I am still trying to be Marie Kondo.
That is to say, I am trying in spirit only, because when I looked at her website she seems to do all her tidying up dressed in a pristine white dressing gown whilst serenely carrying a lighted candle in front of her. If I did that I would have candle wax all over my dressing gown in no time at all and in any case I wouldn’t have a white dressing gown because of coffee stains and dog paw prints. If I did have one I wouldn’t wear it for tidying up, imagine if somebody called round and thought you just hadn’t bothered to get dressed. It would just be too complicated to explain that it was your special Tidying Up Costume.
In any case I had to get dressed because of emptying the dogs and taking the taxi into Kendal for the man at the electrical garage to look at it. You do not do that sort of thing in your dressing gown, certainly not if you want people to think that you are nearly middle class.
The point of being Marie Kondo is to make the clearing out of all of the camper van clutter go with a bit more of a swing. According to her website if you look at something and it does not give you a little thrill of joy, then you should throw it away.
If I followed that principle I would have a very empty house indeed, not least because the first things to go would be the wretched dogs, one of whom had been sick on the floor when I got up this morning. I think the resulting emotion could accurately be described as the exact inverse of a thrill of joy, and led to the dogs being unceremoniously booted out into the yard whilst I cleaned it up.
Still, I thought that I should give it a go, and approached the still-teetering stack of camper van clutter with a determination to dispose of anything joyless.
In fact this led to an awful lot of puzzled frowning.
I discussed my dilemmas with Mark on the telephone last night. He is more ruthless than I am, at least when it comes to household things.

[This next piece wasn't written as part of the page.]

(* Let $A\in\mathbb{R}^{n\times n}$, let $s$ be an integer with $1\leq s<d(A)$, and let $v_0\in\mathbb{R}^n$ with $\|v_0\|=1$ and $d(A,v_0)\geq s+1$. Then all vectors of the Arnoldi cross iteration ACI($s$) started at $v_0$ are well defined (i.e. $\widetilde w_k\neq 0$ and $\widetilde v_{k+1}\neq 0$ for all $k$, with $d(A,v_k)\geq s+1$ and $d(A^T,w_k)\geq s+1$), and $$\|\widetilde w_k\|\leq\|\widetilde v_{k+1}\|\leq\|\widetilde w_{k+1}\|\leq\|\widetilde v_{k+2}\|\leq\Phi_s(A^T)=\Phi_s(A),\qquad k=0,1,2,\dots.$$ Moreover, $\|\widetilde w_k\|=\|\widetilde v_{k+1}\|$ holds if and only if $v_k=\alpha v_{k+1}$ for some $\alpha\neq 0$, and $\|\widetilde v_{k+1}\|=\|\widetilde w_{k+1}\|$ holds if and only if $w_k=\beta w_{k+1}$ for some $\beta\neq 0$.
   Context: Notation: for $A\in\mathbb{R}^{n\times n}$, $d(A)$ is the degree of the minimal polynomial of $A$, $d(A,v)$ is the grade of $v$ w.r.t. $A$ (degree of the monic polynomial $p$ of smallest degree with $p(A)v=0$), $\mathcal{K}_k(A,v)=\mathrm{span}\{v,Av,\dots,A^{k-1}v\}$, $\mathcal{M}_s$ is the set of real monic polynomials of degree $s$, and $\|\cdot\|$ is the Euclidean norm. For a matrix $B$ and a vector $u$ with $d(B,u)\geq s$, let $P_s(\cdot\,;u)_B\in\mathcal{M}_s$ be the unique monic polynomial with $P_s(B;u)u\perp\mathcal{K}_s(B,u)$ (equivalently $P_s(B;u)u\in B^su+\mathcal{K}_s(B,u)$ orthogonal to $\mathcal{K}_s(B,u)$). The Arnoldi cross iteration ACI($s$) started at $v_0$ is: for $k=0,1,2,\dots$: $\widetilde w_k=P_s(A;v_k)v_k$ (polynomial determined with respect to $A$), $w_k=\widetilde w_k/\|\widetilde w_k\|$, $\widetilde v_{k+1}=P_s(A^T;w_k)w_k$ (polynomial determined with respect to $A^T$, so $\widetilde v_{k+1}\perp\mathcal{K}_s(A^T,w_k)$), $v_{k+1}=\widetilde v_{k+1}/\|\widetilde v_{k+1}\|$. Finally $\Phi_s(A):=\max_{v\in\mathbb{R}^n,\|v\|=1}\min_{p\in\mathcal{M}_s}\|p(A)v\|$. *)

theory Defs
  imports "HOL-Analysis.Analysis" "HOL-Computational_Algebra.Polynomial"
begin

He is not at all ruthless when it comes to six foot lengths of rusty box-section steel. In the end he decided that we should keep the frying pan, but that the cutlery should be hoofed out because of it being twenty years old with plastic handles and purchased in a French supermarket, none of which made it likely to add glamour to our new Orient Express ambiance.
I agreed but it was not an easy disposal, I can tell you. I did not exactly feel a thrill of joy but I remembered that we have had many happy moments eating muesli with the spoons and spreading butter with the knives. After that I remembered that several of the forks have got bent tines, which are really irritating when you are eating, so my resolve hardened, and I put them in the dustbin.
I must have been doing very well, because I filled the dustbin, which is a bit tiresome because the bin men won’t be coming until next Thursday, I will have to use next door’s until then.
I threw away all sorts of rubbish
I do not think we are going to need the quilts, which are ancient and made of the horrible fibre stuff instead of proper goose down, but I have saved them anyway, in case we decide to use them as insulation or to make padding for furniture. I do not know what to do with the children’s dressing gowns, or with the raincoat that has been mended with gaffer tape but still keeps the rain off, or with the wine glasses that we might replace with some nicer ones. There are so many difficult decisions to be made.
It is jolly difficult being Marie Kondo, even in dungarees.
I was not sorry when it was time to go to work.